Watch how the bumblebees speed up flowering in this 1:15-minute video:

 

 

Wild bumblebees need a lot of nectar and pollen in the spring when they start to establish colonies. This study indicates that bees can trigger earlier flowering in plants by biting their leaves, which will provide more food and let plants know that pollination is available.  

The team exposed pollen-starved bumblebees in mesh cages to tomato and black mustard plants that had not yet flowered. Once the bees had bitten 10 holes in the plants, they took them away. Remarkably, observation indicated that the bitten plants flowered up to 30 days earlier than unbitten plants. When the team tried to replicate the bites using razors and forceps, the plants blossomed a little under 25 days earlier, which indicates that there was a bee-specific factor at work that the scientists haven’t identified and can’t replicate. There is speculation that bee saliva may contain chemicals that stimulate the plants to flower, or that the manual cutting done by scientists was inaccurate for some reason, according to Professor Consuelo De Moraes, co-author of the study.  

The experiment was repeated outdoors, with plants that were prevented from flowering. Although the bees still bit plants, they did so less by late April when plants started to bloom. This indicates that bees bite leaves when pollen is scarce.
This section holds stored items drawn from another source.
lemma moment_ge_linear:
  assumes "1 \<le> r"
  shows "measure M (space M) * (\<bar>t\<bar> - 1) - (\<integral>x. \<bar>f x\<bar> \<partial>M) \<le> moment r t"
proof -
  have integrable_abs: "integrable M (\<lambda>x. \<bar>f x\<bar>)"
    using integrable_abs_powr[of 1] by simp
  have "measure M (space M) * (\<bar>t\<bar> - 1) - (\<integral>x. \<bar>f x\<bar> \<partial>M) = (\<integral>x. \<bar>t\<bar> - 1 - \<bar>f x\<bar> \<partial>M)"
    using integrable_abs by simp
  also have "\<dots> \<le> moment r t"
    unfolding moment_def
  proof (intro integral_mono integrable_abs_diff_powr assms)
    show "integrable M (\<lambda>x. \<bar>t\<bar> - 1 - \<bar>f x\<bar>)"
      using integrable_abs by auto
    fix x
    have "\<bar>f x - t\<bar> \<le> \<bar>f x - t\<bar> powr r" if "1 \<le> \<bar>f x - t\<bar>"
      using powr_mono[OF assms that] that by simp
    then show "\<bar>t\<bar> - 1 - \<bar>f x\<bar> \<le> \<bar>f x - t\<bar> powr r"
      using powr_ge_zero[of "\<bar>f x - t\<bar>" r] by linarith
  qed
  finally show ?thesis .
qed

lemma moment_has_minimizer:
  assumes "1 \<le> r"
  obtains t where "\<And>s. moment r t \<le> moment r s"
proof -
  define R where "R = 1 + (moment r 0 + (\<integral>x. \<bar>f x\<bar> \<partial>M)) / measure M (space M)"
  have "0 \<le> (\<integral>x. \<bar>f x\<bar> \<partial>M)"
    by simp
  then have "1 \<le> R"
    unfolding R_def using moment_nonneg measure_space_pos by simp
  have far: "moment r 0 < moment r s" if "R < \<bar>s\<bar>" for s
  proof -
    have "(moment r 0 + (\<integral>x. \<bar>f x\<bar> \<partial>M)) / measure M (space M) < \<bar>s\<bar> - 1"
      using that by (simp add: R_def)
    then have "moment r 0 < measure M (space M) * (\<bar>s\<bar> - 1) - (\<integral>x. \<bar>f x\<bar> \<partial>M)"
      using measure_space_pos by (simp add: pos_divide_less_eq mult.commute)
    also have "\<dots> \<le> moment r s"
      by (rule moment_ge_linear[OF assms])
    finally show ?thesis .
  qed
  have "continuous_on {-R..R} (moment r)"
    using convex_on_continuous[OF open_UNIV convex_on_moment[OF assms]]
    by (rule continuous_on_subset) simp
  moreover have "{-R..R} \<noteq> {}"
    using \<open>1 \<le> R\<close> by simp
  ultimately obtain t where "t \<in> {-R..R}" and near: "\<forall>s\<in>{-R..R}. moment r t \<le> moment r s"
    using continuous_attains_inf[OF compact_Icc] by blast
  have "moment r t \<le> moment r s" for s
  proof (cases "s \<in> {-R..R}")
    case False
    then have "moment r 0 < moment r s"
      by (intro far) auto
    moreover have "moment r t \<le> moment r 0"
      using near \<open>1 \<le> R\<close> by simp
    ultimately show ?thesis
      by linarith
  qed (use near in blast)
  then show ?thesis
    by (rule that)
qed
lemma card_eq_sum_branches: "card E = (\<Sum>j\<in>J. card (B j))"
proof -
  have "finite (B j)" if "j \<in> J" for j
    using tree branch_subset[OF that] finite_subset unfolding edge_tree_def by blast
  then have "card (\<Union>j\<in>J. B j) = (\<Sum>j\<in>J. card (B j))"
    using finite_inc_edges branch_unique by (intro card_UN_disjoint) auto
  then show ?thesis
    by (simp add: Union_branches)
qed

lemma inc_edges_branch_center: "j \<in> J \<Longrightarrow> inc_edges src tgt (B j) u = {j}"
  using branch_subset branch_self branch_unique unfolding inc_edges_def by blast

lemma inc_edges_branch:
  assumes "j \<in> J" "v \<in> verts src tgt (B j)" "v \<noteq> u"
  shows "inc_edges src tgt (B j) v = inc_edges src tgt E v"
proof
  show "inc_edges src tgt (B j) v \<subseteq> inc_edges src tgt E v"
    using branch_subset[OF assms(1)] unfolding inc_edges_def by blast
  obtain k where k: "k \<in> B j" "v \<in> {src k, tgt k}"
    using assms(2) unfolding verts_def by blast
  have "k' \<in> B j" if "k' \<in> inc_edges src tgt E v" for k'
  proof -
    have "(k, k') \<in> edge_link src tgt E {u}"
      using that k assms branch_subset unfolding edge_link_def inc_edges_def by blast
    with k(1) show ?thesis
      by (rule branch_closed)
  qed
  then show "inc_edges src tgt E v \<subseteq> inc_edges src tgt (B j) v"
    unfolding inc_edges_def by blast
qed

lemma edge_tree_branch:
  assumes "j \<in> J"
  shows "edge_tree src tgt (B j)"
proof -
  have "(j, k) \<in> (edge_link src tgt (B j) {})\<^sup>*" if "(j, k) \<in> (edge_link src tgt E {u})\<^sup>*" for k
    using that
  proof (induction rule: rtrancl_induct)
    case (step k k')
    then have "(k, k') \<in> edge_link src tgt (B j) {}"
      by (auto simp: edge_link_def branch_iff intro: rtrancl_into_rtrancl)
    with step.IH show ?case
      by (rule rtrancl_into_rtrancl)
  qed simp
  then have "(a, a') \<in> (edge_link src tgt (B j) {})\<^sup>*" if "a \<in> B j" "a' \<in> B j" for a a'
    using that edge_link_rtrancl_sym unfolding branch_iff by (meson rtrancl_trans)
  moreover have "B j \<subseteq> E"
    using assms by (rule branch_subset)
  moreover have "inc_edges src tgt (B j) w \<subseteq> inc_edges src tgt E w" for w
    using \<open>B j \<subseteq> E\<close> unfolding inc_edges_def by blast
  ultimately show ?thesis
    unfolding edge_tree_def
  proof (intro conjI)
    show "finite (B j)" "\<forall>k\<in>B j. src k \<noteq> tgt k"
      using tree \<open>B j \<subseteq> E\<close> finite_subset unfolding edge_tree_def by blast+
    show "\<forall>w. \<forall>i\<in>inc_edges src tgt (B j) w. \<forall>i'\<in>inc_edges src tgt (B j) w.
        i' \<in> branch src tgt (B j) w i \<longrightarrow> i' = i"
    proof (intro allI ballI impI)
      fix w i i'
      assume "i \<in> inc_edges src tgt (B j) w" "i' \<in> inc_edges src tgt (B j) w"
        "i' \<in> branch src tgt (B j) w i"
      moreover have "branch src tgt (B j) w i \<subseteq> branch src tgt E w i"
        using \<open>B j \<subseteq> E\<close> by (rule branch_mono)
      ultimately have "i \<in> inc_edges src tgt E w" "i' \<in> inc_edges src tgt E w"
        "i' \<in> branch src tgt E w i"
        using \<open>inc_edges src tgt (B j) w \<subseteq> _\<close> by blast+
      then show "i' = i"
        using tree unfolding edge_tree_def by blast
    qed
  qed blast
qed

lemma dirichlet_verts_branch:
  assumes "j \<in> J"
  shows "dirichlet_verts src tgt (B j) (b(u := c)) =
    dirichlet_verts src tgt E b \<inter> (verts src tgt (B j) - {u}) \<union> (if c then {u} else {})"
proof -
  have "u \<in> verts src tgt (B j)"
    using assms branch_self by (auto simp: verts_def inc_edges_def)
  moreover have "deg src tgt (B j) u = 1"
    using inc_edges_branch_center[OF assms] by (simp add: deg_def)
  moreover have "deg src tgt (B j) v = deg src tgt E v" if "v \<in> verts src tgt (B j)" "v \<noteq> u" for v
    using inc_edges_branch[OF assms that] by (simp add: deg_def)
  moreover have "verts src tgt (B j) \<subseteq> verts src tgt E"
    using branch_subset[OF assms] by (auto simp: verts_def)
  ultimately show ?thesis
    unfolding dirichlet_verts_def by auto
qed

lemma card_dirichlet_verts:
  "card (dirichlet_verts src tgt E b) =
    (\<Sum>j\<in>J. card (dirichlet_verts src tgt E b \<inter> (verts src tgt (B j) - {u})))"
proof -
  have "verts src tgt E = (\<Union>j\<in>J. verts src tgt (B j))"
    using Union_branches unfolding verts_def by blast
  moreover have "u \<notin> dirichlet_verts src tgt E b"
    using deg_u by (simp add: dirichlet_verts_def)
  ultimately have "dirichlet_verts src tgt E b =
      (\<Union>j\<in>J. dirichlet_verts src tgt E b \<inter> (verts src tgt (B j) - {u}))"
    unfolding dirichlet_verts_def by blast
  moreover have "card (\<Union>j\<in>J. dirichlet_verts src tgt E b \<inter> (verts src tgt (B j) - {u})) =
      (\<Sum>j\<in>J. card (dirichlet_verts src tgt E b \<inter> (verts src tgt (B j) - {u})))"
  proof (rule card_UN_disjoint[OF finite_inc_edges])
    show "\<forall>j\<in>J. finite (dirichlet_verts src tgt E b \<inter> (verts src tgt (B j) - {u}))"
      using tree unfolding edge_tree_def dirichlet_verts_def verts_def by simp
    show "\<forall>j\<in>J. \<forall>j'\<in>J. j \<noteq> j' \<longrightarrow>
        (dirichlet_verts src tgt E b \<inter> (verts src tgt (B j) - {u})) \<inter>
        (dirichlet_verts src tgt E b \<inter> (verts src tgt (B j') - {u})) = {}"
      using branch_unique_vertex by blast
  qed
  ultimately show ?thesis
    by simp
qed

end
(* There is a minimal topological dynamical system which is $\mathcal{F}_t$-sensitive and not strongly $\mathcal{F}_t$-sensitive.
   Context: A topological dynamical system $(X,T)$: compact metric space $(X,d)$, $T$ continuous surjective; minimal means every orbit is dense. A set $F\subset\mathbb{Z}_+$ is thick if it contains arbitrarily long blocks of consecutive integers. $(X,T)$ is $\mathcal{F}_t$-sensitive if there is $\delta>0$ such that for each nonempty open $U$ the set $\{n\in\mathbb{N}:\operatorname{diam}(T^nU)>\delta\}$ is thick. $(X,T)$ is strongly $\mathcal{F}_t$-sensitive if there is $\delta>0$ such that for each nonempty open $U$ there are $x,y\in U$ with $\{n\in\mathbb{Z}_+: d(T^nx,T^ny)>\delta\}$ thick. *)

theory Defs
  imports "HOL-Analysis.Analysis"
begin

definition tds :: "'a metric \<Rightarrow> ('a \<Rightarrow> 'a) \<Rightarrow> bool" where
  "tds m T \<longleftrightarrow> compact_space (mtopology_of m)
     \<and> continuous_map (mtopology_of m) (mtopology_of m) T
     \<and> T ` mspace m = mspace m"

definition minimal_tds :: "'a metric \<Rightarrow> ('a \<Rightarrow> 'a) \<Rightarrow> bool" where
  "minimal_tds m T \<longleftrightarrow> (\<forall>x \<in> mspace m.
     (mtopology_of m) closure_of {(T ^^ n) x | n. True} = mspace m)"

definition thick :: "nat set \<Rightarrow> bool" where
  "thick F \<longleftrightarrow> (\<forall>k. \<exists>a. {a..<a+k} \<subseteq> F)"

definition mdiam :: "'a metric \<Rightarrow> 'a set \<Rightarrow> real" where
  "mdiam m S = Sup {mdist m x y | x y. x \<in> S \<and> y \<in> S}"

definition Ft_sensitive :: "'a metric \<Rightarrow> ('a \<Rightarrow> 'a) \<Rightarrow> bool" where
  "Ft_sensitive m T \<longleftrightarrow> (\<exists>\<delta>>0. \<forall>U. openin (mtopology_of m) U \<and> U \<noteq> {} \<longrightarrow>
     thick {n. n \<ge> 1 \<and> mdiam m ((T ^^ n) ` U) > \<delta>})"

definition strongly_Ft_sensitive :: "'a metric \<Rightarrow> ('a \<Rightarrow> 'a) \<Rightarrow> bool" where
  "strongly_Ft_sensitive m T \<longleftrightarrow> (\<exists>\<delta>>0. \<forall>U. openin (mtopology_of m) U \<and> U \<noteq> {} \<longrightarrow>
     (\<exists>x\<in>U. \<exists>y\<in>U. thick {n. mdist m ((T ^^ n) x) ((T ^^ n) y) > \<delta>}))"

end

theory Submission
  imports Defs
begin
lemma m_minus_along_fpath:
  assumes q: "fpath E s r n q" and n: "n \<ge> 1" and j: "j < length q"
    and emin: "\<forall>i<j. emin E r ord (n + i) (q ! i)" and mark: "m_minus (n + j) (s (q ! j)) a"
  shows "m_minus n (s (hd q)) a"
  using j emin mark
proof (induction j)
  case 0
  then show ?case by (simp add: hd_conv_nth)
next
  case (Suc j)
  then have "m_minus (Suc (n + j)) (r (q ! j)) a" using fpath_link[OF q] by simp
  then have "m_minus (n + j) (s (q ! j)) a"
    using mark_source[OF edge_selector_emin] fpath_nth[OF q] Suc.prems n by simp
  then show ?case using Suc by simp
qed

lemma m_minus_succ_edge:
  assumes l: "l \<ge> 2" "l \<ge> L" and succ: "is_succ E s r ord l [e] [f]"
    and mark: "m_plus l (s e) a"
  shows "m_minus l (s f) a"
proof -
  have e: "e \<in> E l" and f: "f \<in> E l" and same_range: "r e = r f" and "(e, f) \<in> ord"
    using succ unfolding is_succ_def plex_def by auto
  then have not_emax: "\<not> emax E r ord l e" unfolding emax_def by auto
  have l1: "l \<ge> 1" using l by simp
  have mark_c: "c = a" if "m_plus l (s e) c" for c
    using mark_unique[OF edge_selector_emax l1 source_in_level[OF e] that mark] .
  show ?thesis
  proof (cases "r e \<in> Vo V P k (Suc l)")
    case False
    then obtain c where c: "c \<in> {1..k}" "r e \<in> P (Suc l) c"
      using range_in_level[OF e] unfolding Vo_def by blast
    then have "s e \<in> P l c" "s f \<in> P l c" using P_source l1 e f same_range by auto
    then show ?thesis using c mark_c unfolding mark_def by blast
  next
    case True
    show ?thesis
    proof (cases "s e \<in> Vo V P k l")
      case True
      then obtain c where "c \<in> {1..k}" "passes_through (emax E r ord) (s e) c"
        "passes_through (emin E r ord) (s f) c"
        using cond_3a l1 l succ by blast
      then show ?thesis using mark_c unfolding mark_def by blast
    next
      case False
      then obtain c where c: "c \<in> {1..k}" "s e \<in> P l c"
        using source_in_level[OF e] unfolding Vo_def by blast
      then have "passes_through (emin E r ord) (s f) c"
        using cond_3b l \<open>r e \<in> Vo V P k (Suc l)\<close> not_emax succ by blast
      then show ?thesis using c mark_c unfolding mark_def by blast
    qed
  qed
qed

lemma m_plus_succ_eq_m_minus:
  assumes n: "n \<ge> 2" "n \<ge> L" and succ: "is_succ E s r ord n p q"
    and a: "m_plus n (s (hd p)) a" and b: "m_minus n (s (hd q)) b"
  shows "a = b"
proof -
  have p: "fpath E s r n p" and q: "fpath E s r n q" and len: "length q = length p"
    and "p \<noteq> []" and "plex ord p q"
    using succ unfolding is_succ_def by auto
  then obtain k0 where pivot: "k0 < length p" "(p ! k0, q ! k0) \<in> ord"
    "\<forall>i. k0 < i \<and> i < length p \<longrightarrow> p ! i = q ! i"
    unfolding plex_def by blast
  have "m_plus (n + k0) (s (p ! k0)) a"
    using m_plus_along_fpath[OF p _ n(2) pivot(1) _ a] is_succ_emax_below_pivot[OF succ pivot] n
    by simp
  then have "m_minus (n + k0) (s (q ! k0)) a"
    using m_minus_succ_edge is_succ_pivot_edge[OF succ pivot] n by simp
  then have "m_minus n (s (hd q)) a"
    using m_minus_along_fpath[OF q _ _ _] is_succ_emin_below_pivot[OF succ pivot] pivot(1) len n
    by simp
  moreover have "q \<noteq> []" using len \<open>p \<noteq> []\<close> by auto
  ultimately show ?thesis
    using mark_unique[OF edge_selector_emin _ fpath_hd_in_level[OF q] _ b] n by simp
qed

end

section \<open>Walks in the transition graph\<close>

definition tg_adj ::
  "(nat \<Rightarrow> 'v set) \<Rightarrow> (nat \<Rightarrow> 'e set) \<Rightarrow> ('e \<Rightarrow> 'v) \<Rightarrow> ('e \<Rightarrow> 'v) \<Rightarrow> 'e rel \<Rightarrow> nat \<Rightarrow>
   (nat \<Rightarrow> nat \<Rightarrow> 'v set) \<Rightarrow> nat \<Rightarrow> nat \<Rightarrow> nat \<Rightarrow> bool" where
  "tg_adj V E s r ord k P n a b \<longleftrightarrow> (\<exists>v. tg_edge V E s r ord k P n v a b)"

lemma tg_walk_singleton:
  "tg_edge V E s r ord k P n v a b \<Longrightarrow> tg_walk V E s r ord k P n [v] a b"
  unfolding tg_walk_def by (intro exI[of _ "[a, b]"]) simp

lemma tg_walk_Cons:
  assumes "tg_edge V E s r ord k P n v a b" "tg_walk V E s r ord k P n vs b c"
  shows "tg_walk V E s r ord k P n (v # vs) a c"
proof -
  obtain ys where ys: "length ys = Suc (length vs)" "vs \<noteq> []" "ys ! 0 = b" "ys ! length vs = c"
    "\<forall>j<length vs. tg_edge V E s r ord k P n (vs ! j) (ys ! j) (ys ! Suc j)"
    using assms(2) unfolding tg_walk_def by blast
  have "\<forall>j<length (v # vs). tg_edge V E s r ord k P n ((v # vs) ! j) ((a # ys) ! j) ((a # ys) ! Suc j)"
    using assms(1) ys(3,5) by (auto simp: nth_Cons split: nat.split)
  then show ?thesis
    unfolding tg_walk_def using ys(1,4) by (intro exI[of _ "a # ys"]) auto
qed

lemma tg_walk_of_rtranclp:
  assumes "(tg_adj V E s r ord k P n)\<^sup>*\<^sup>* b c" "tg_edge V E s r ord k P n v a b"
  shows "\<exists>vs. hd vs = v \<and> tg_walk V E s r ord k P n vs a c"
  using assms
proof (induction arbitrary: v a rule: converse_rtranclp_induct)
  case base
  then have "tg_walk V E s r ord k P n [v] a c" by (rule tg_walk_singleton)
  then show ?case by (intro exI[of _ "[v]"]) simp
next
  case (step b b')
  then obtain v' where "tg_edge V E s r ord k P n v' b b'" unfolding tg_adj_def by blast
  then obtain vs where "tg_walk V E s r ord k P n vs b c" using step.IH by blast
  then have "tg_walk V E s r ord k P n (v # vs) a c" by (rule tg_walk_Cons[OF step.prems])
  then show ?case by (intro exI[of _ "v # vs"]) simp
qed

context k_simple_ordered_bratteli
begin

lemma vertex_marks_tg_reachable:
  assumes n: "n \<ge> 1" "n \<ge> L" and u: "u \<in> V n"
  obtains c d where "m_minus n u c" "m_plus n u d" "(tg_adj V E s r ord k P n)\<^sup>*\<^sup>* c d"
proof (cases "u \<in> Vo V P k n")
  case True
  then obtain c d where "c \<in> {1..k}" "passes_through (emin E r ord) u c"
    "d \<in> {1..k}" "passes_through (emax E r ord) u d"
    using ex_passes_through_Vo n by blast
  moreover from this have "tg_adj V E s r ord k P n c d"
    using True unfolding tg_adj_def tg_edge_def max_through_eq min_through_eq by blast
  ultimately show thesis using that unfolding mark_def by blast
next
  case False
  then obtain c where "c \<in> {1..k}" "u \<in> P n c" using u unfolding Vo_def by blast
  then show thesis using that unfolding mark_def by blast
qed

lemma m_plus_m_minus_tg_reachable:
  assumes n: "n \<ge> 2" "n \<ge> L"
    and paths: "p \<in> paths_to n d w" "q \<in> paths_to n d w" "plex ord p q"
    and marks: "m_plus n (s (hd p)) a" "m_minus n (s (hd q)) b"
  shows "(tg_adj V E s r ord k P n)\<^sup>*\<^sup>* a b"
  using paths marks
proof (induction p q arbitrary: a b rule: paths_to_lex_induct)
  case (succ p q)
  then show ?case using m_plus_succ_eq_m_minus n by blast
next
  case (between p u q)
  have "u \<noteq> []" using plex_nonempty[OF between.hyps(5)] .
  then have "s (hd u) \<in> V n"
    using fpath_hd_in_level between.hyps(2) unfolding paths_to_def by blast
  then obtain c d where "m_minus n (s (hd u)) c" "m_plus n (s (hd u)) d"
    "(tg_adj V E s r ord k P n)\<^sup>*\<^sup>* c d"
    using vertex_marks_tg_reachable n by (metis one_le_numeral order_trans)
  then show ?case using between.IH between.prems by (meson rtranclp_trans)
qed

lemma ex_plex_paths_from_Vo:
  assumes non_elementary: "non_elementary V E s r k P" and n: "n \<ge> 1" and v: "v \<in> Vo V P k n"
  obtains d w p q where "p \<in> paths_to n d w" "q \<in> paths_to n d w" "plex ord p q"
    "s (hd p) = v" "s (hd q) = v"
proof -
  obtain m where m: "m > n" and few_paths: "\<forall>v\<in>Vo V P k n. \<forall>w\<in>Vo V P k m.
      card (paths_between E s r n m v w) = 0 \<or> card (paths_between E s r n m v w) \<ge> 2"
    using non_elementary n unfolding non_elementary_def by blast
  obtain p0 where p0: "fpath E s r n p0" "length p0 = m - n" "s (hd p0) = v"
    using ex_fpath_from[of v n "m - n - 1"] v m unfolding Vo_def by auto
  define w where "w = r (last p0)"
  have "p0 \<noteq> []" using p0(2) m by auto
  have "w \<in> V m" using fpath_last_in_level[OF p0(1) \<open>p0 \<noteq> []\<close>] p0(2) m w_def by simp
  moreover have "w \<notin> P m c" if "c \<in> {1..k}" for c
    using P_fpath_source[OF n that p0(1) \<open>p0 \<noteq> []\<close>] p0 m v w_def that unfolding Vo_def by auto
  ultimately have w: "w \<in> Vo V P k m" unfolding Vo_def by blast
  define B where "B = paths_between E s r n m v w"
  have "B \<subseteq> paths_to n (m - n) w" unfolding B_def paths_between_def paths_to_def by auto
  then have "finite B" using finite_paths_to finite_subset by blast
  moreover have "p0 \<in> B" using p0 \<open>p0 \<noteq> []\<close> unfolding B_def w_def paths_between_def by simp
  ultimately have "card B \<ge> 2" using few_paths v w unfolding B_def by fastforce
  then obtain p1 where p1: "p1 \<in> B" "p1 \<noteq> p0"
    using \<open>finite B\<close> \<open>p0 \<in> B\<close> by (metis card_le_Suc0_iff_eq not_less_eq_eq numeral_2_eq_2)
  have paths: "p0 \<in> paths_to n (m - n) w" "p1 \<in> paths_to n (m - n) w" "s (hd p1) = v"
    using \<open>B \<subseteq> paths_to n (m - n) w\<close> \<open>p0 \<in> B\<close> p1(1) unfolding B_def paths_between_def by auto
  then have "plex ord p0 p1 \<or> plex ord p1 p0"
    using plex_total[of n p0 p1] p1(2) unfolding paths_to_def by auto
  then show thesis using that paths p0(3) by blast
qed

end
The team noticed two other wild bumblebee species biting plants as well.  

Mescher referred to this behavior as evolutionary, ancient and widespread. It is likely also done by North American bumblebees. He stated that it is remarkable that bees are actively interacting with plants to cause them to flower earlier than they otherwise would, as if the smart bees are leaving a calling card that they are available for pollination.

Bees and flowers need each other. Bees need pollen and nectar to feed themselves, and flowers need pollination services which bees provide, so they can reproduce. Bees are behaviorally adapting to scarce food conditions as temperature change throws bee emergence and flowering out of sync. Mescher believes this mechanism can make flowers and bees more resilient to climate change. 

Since humanity depends of bee pollination for about one-third of our food, this is good news for us, too.